Sabemos que después de haber leído este secreto, Juan XXIII declaró: Esto no concierne a los años de mi pontificado (Padre Alonso: "La verdad sobre el secreto de Fátima'; edición francesa, Téqui; 1979, p. 106). Ahora bien: si la tercera parte del secreto "se refiere ante todo a la lucha de los sistemas ateos contra la Iglesia y los cristianos" y "describe el inmenso sufrimiento de los mártires del último siglo del segundo milenio", si este texto no se refiere más que a la visión de "un interminable vía crucis guiado por los Papas del siglo XX" (declaraciones del cardenal Sodano del 13 de Mayo de 2000 en Fátima), ¿Cómo Juan XXIII hubiera podido pronunciar tales palabras cuando su pontificado no quedaba a resguardo de la
persecución violenta del comunismo ateo contra los católicos, sino todo lo contrario? Existe entonces una total incoherencia y contradicción entre estas afirmaciones de Juan XXIII y la interpretación de la visión dada el 13 de mayo y el 26 de Junio pasados por los
cardenales Sodano y Ratzinger, y el tercer secreto ¡que manifiestamente anuncia un nuevo flagelo todavía más grave para la Iglesia que la persecución del ateísmo comunista ya en marcha desde principios de los años '30!.
Por otra parte, el cardenal Cerejeira, Patriarca de Lisboa entre 1929 y 1971, declaró un día al padre Caillón:
"No conozco el secreto. El Papa Juan XXIII me habló una vez vagamente de él, de manera lejana y pude comprender que trataba de cosas muy graves" (citado en los tres cassettes de conferencias del padre Caillón difundidas por Téqui bajo el título La epopeya mariana de nuestros tiempos").
Por otro lado en el comunicado de la agencia ANI del 8 de febrero de 1960 al anunciar que el secreto no sería publicado, la tercera razón dada para "justificar" su nodivulgación es la siguiente:

3) Aunque la Iglesia reconoce la apariciones de Fátima, ella no desea cargar con la responsabilidad de garantizar la veracidad de las PALABRAS que los tres pastorcitos aseguran que la Santísima Virgen les habría dirigido".

Este comunicado habla de "palabras- de Nuestra Señora e indica entonces claramente que la tercera parte del secreto está constituida, al menos parcialmente, por palabras de la Santísima Virgen, ¡y no solo por la descripción de una visión sin ningún mensaje verbal!

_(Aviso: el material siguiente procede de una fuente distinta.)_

(*
  Induction on W: a leaf l joins I and its closed W-neighbourhood R is deleted. This costs
  |R| + |A \<inter> R| <= 2, except when R = {l, p} meets A, where the edge lp is added to F.
*)
lemma acyclic_independent_matching_bound:
  assumes sg: "simple_graph V E" and ac: "acyclic_graph V E"
  shows "finite W \<Longrightarrow> W \<subseteq> V \<Longrightarrow> A \<subseteq> W \<Longrightarrow> independent E A \<Longrightarrow>
    \<exists>I F. I \<subseteq> W \<and> independent E I \<and> matching_between E W A F
      \<and> card W + card A \<le> 2 * card I + card F"
proof (induction W arbitrary: A rule: finite_psubset_induct)
  case (psubset W)
  show ?case
  proof (cases "W = {}")
    case True
    then show ?thesis using psubset.prems by (intro exI[of _ "{}"]) auto
  next
    case False
    obtain l where l: "l \<in> W" and leaf: "\<forall>a\<in>W. \<forall>b\<in>W. adj E l a \<longrightarrow> adj E l b \<longrightarrow> a = b"
      using acyclic_subset_has_leaf[OF sg ac psubset.hyps(1) psubset.prems(1) False] by blast
    obtain R where R: "l \<in> R" "R \<subseteq> W" "\<forall>q\<in>W. adj E l q \<longrightarrow> q \<in> R"
      and trade: "\<And>F'. matching_between E (W - R) (A - R) F' \<Longrightarrow>
        \<exists>F. matching_between E W A F \<and> card R + card (A \<inter> R) + card F' \<le> 2 + card F"
      using leaf_neighbourhood_trade[OF sg psubset.hyps(1) psubset.prems(2,3) l leaf] by blast
    have "W - R \<subset> W" using R(1) l by blast
    moreover have "W - R \<subseteq> V" "A - R \<subseteq> W - R" using psubset.prems(1,2) by blast+
    moreover have "independent E (A - R)" using psubset.prems(3) by (rule independent_subset) blast
    ultimately have "\<exists>I' F'. I' \<subseteq> W - R \<and> independent E I' \<and> matching_between E (W - R) (A - R) F'
        \<and> card (W - R) + card (A - R) \<le> 2 * card I' + card F'"
      by (rule psubset.IH)
    then obtain I' F' where I': "I' \<subseteq> W - R" "independent E I'"
      and F': "matching_between E (W - R) (A - R) F'"
      and bound: "card (W - R) + card (A - R) \<le> 2 * card I' + card F'"
      by blast
    obtain F where F: "matching_between E W A F"
      and traded: "card R + card (A \<inter> R) + card F' \<le> 2 + card F"
      using trade[OF F'] by blast
    note step = leaf_insert_bound[OF sg psubset.hyps(1) psubset.prems(2) R I' bound traded]
    show ?thesis using step I'(1) R(1,2) F by (intro exI[of _ "insert l I'"] exI[of _ F]) auto
  qed
qed

lemma minimal_dominating_aS_eq:
  assumes "minimal_dominating V E M"
  shows "aS V E M = M"
proof -
  have "\<not> dominating V E (M - {u})" if "u \<in> M" for u
    using assms that unfolding minimal_dominating_def by blast
  then show ?thesis unfolding aS_def by blast
qed

lemma dominating_outside_eq_N1_Un_N2:
  assumes "finite V" "dominating V E S"
  shows "V - S = N1 V E S \<union> N2 V E S"
proof
  show "V - S \<subseteq> N1 V E S \<union> N2 V E S"
  proof
    fix v assume v: "v \<in> V - S"
    then obtain u where "u \<in> S" "adj E u v" using assms(2) unfolding dominating_def by blast
    moreover have "u \<in> V" using \<open>u \<in> S\<close> assms(2) unfolding dominating_def by blast
    ultimately have "u \<in> cnbhd V E v \<inter> S" unfolding cnbhd_def by (simp add: adj_commute)
    moreover have "finite (cnbhd V E v \<inter> S)" using assms(1) unfolding cnbhd_def by simp
    ultimately have "card (cnbhd V E v \<inter> S) \<noteq> 0" by auto
    then show "v \<in> N1 V E S \<union> N2 V E S" using v unfolding N1_def N2_def by auto
  qed
qed (auto simp: N1_def N2_def)

lemma card_dominating_split:
  assumes "finite V" "dominating V E S"
  shows "card V = card S + card (N1 V E S) + card (N2 V E S)"
proof -
  have "S \<subseteq> V" using assms(2) unfolding dominating_def by blast
  then have "card V = card S + card (V - S)"
    using assms(1) by (metis card_Diff_subset card_mono finite_subset le_add_diff_inverse)
  also have "card (V - S) = card (N1 V E S) + card (N2 V E S)"
    unfolding dominating_outside_eq_N1_Un_N2[OF assms]
    using assms(1) by (intro card_Un_disjoint) (auto simp: N1_def N2_def)
  finally show ?thesis by simp
qed
(* Let $f$ be a polynomial of degree at least two with positive integer coefficients. If $D$ is a Siegel disk of $f$, then $D$ is disjoint from $f^{-m}(\mathbb{Z}[i])=\{z: f^m(z)\in\mathbb{Z}[i]\}$ for every non-negative integer $m$, where $\mathbb{Z}[i]=\{a+ib: a,b\in\mathbb{Z}\}$.
   Context: The Fatou set $F(f)$ of a polynomial $f$ is the complement of its Julia set (the boundary of the set of points with bounded forward orbit). A Siegel disk is a periodic Fatou component $D$ (with $f^p(D)\subseteq D$) on which $f^p$ is analytically conjugate to an irrational Euclidean rotation of the unit disk. $f^m$ denotes the $m$-th iterate. *)

theory Defs
  imports "HOL-Complex_Analysis.Complex_Analysis" "HOL-Computational_Algebra.Polynomial"
begin

definition filled_julia :: "(complex \<Rightarrow> complex) \<Rightarrow> complex set" where
  "filled_julia f = {z. bounded (range (\<lambda>n. (f ^^ n) z))}"

definition julia_set :: "(complex \<Rightarrow> complex) \<Rightarrow> complex set" where
  "julia_set f = frontier (filled_julia f)"

definition fatou_set :: "(complex \<Rightarrow> complex) \<Rightarrow> complex set" where
  "fatou_set f = - julia_set f"

definition fatou_component :: "(complex \<Rightarrow> complex) \<Rightarrow> complex set \<Rightarrow> bool" where
  "fatou_component f D \<longleftrightarrow> (\<exists>z \<in> fatou_set f. D = connected_component_set (fatou_set f) z)"

definition siegel_disk :: "(complex \<Rightarrow> complex) \<Rightarrow> complex set \<Rightarrow> bool" where
  "siegel_disk f D \<longleftrightarrow> fatou_component f D \<and>
     (\<exists>p::nat. p \<ge> 1 \<and> (f ^^ p) ` D \<subseteq> D \<and>
       (\<exists>\<phi> \<theta>. \<phi> holomorphic_on D \<and> bij_betw \<phi> D (ball 0 1) \<and>
              (inv_into D \<phi>) holomorphic_on (ball 0 1) \<and>
              (\<theta>::real) \<notin> \<rat> \<and>
              (\<forall>z\<in>D. \<phi> ((f ^^ p) z) = exp (2 * pi * \<i> * complex_of_real \<theta>) * \<phi> z)))"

Conviene observar que este comunicado no fue nunca desmentido, ni en su totalidad ni en parte, por la Santa Sede. Por añadidura, el cardenal Carejeira dijo el 24 de febrero de 1960, a propósito de este texto:

"Según el despacho publicado -y estoy convencido de la veracidad de lo que afirma-, este documento (el tercer secreto) debe estar en el Vaticano y Su Santidad debe conocer su contenido- ('Documentación catholique' año 1960, col. 752).

Ahora bien, ¿qué quería decir el cardenal Cerejeira, cuando se declaró convencido de la veracidad de este comunicado, sino que su contenido expresaba plenamente el pensamiento del Papa Juan XXIII que ya había leído el secreto?

b) El testimonio del cardenal Ratzinger en noviembre de 1984.
(Ver sobre este punto, del Hermano Michel de la Santa Trinidad: 'Toda la verdad sobre Fátima" tomo 111: 'El tercer secreto" 3a edición, abril 1986, tercera parte: 'El tercer secreto revelado'; anexo del capítulo 8, págs. 553-568: 'El cardenal Ratzinger habla del tercer secreto— (1984-1985)").

En noviembre de 1984, la revista italiana "Jesús" publicó la entrevista concedida en agosto de 1984 por el cardenal Ratzinger al periodista Vittorio Messori. El artículo se intitulaba: "Por qué la fe está en crisis". Una parte de este artículo estaba consagrada a Fátima y a su tercer secreto, bajo el título: "La Virgen como defensa de la fe. Por qué hay que volver a María"—.

Pregunta: "Cardenal Ratzinger ¿usted leyó el llamado tercer secreto de Fátima (...)?"
Respuesta: Sí, lo he leído.
P: ¿Por qué no fue revelado?
R: Porque, según el juicio de los Papas, no agrega nada a lo que un cristiano debe saber por la Revelación:
- un llamado radical a la conversión,
- la gravedad absoluta de la historia,
- los peligros que amenazan a la fe y la vida del cristiano y al mundo, y también la importancia de los últimos tiempos".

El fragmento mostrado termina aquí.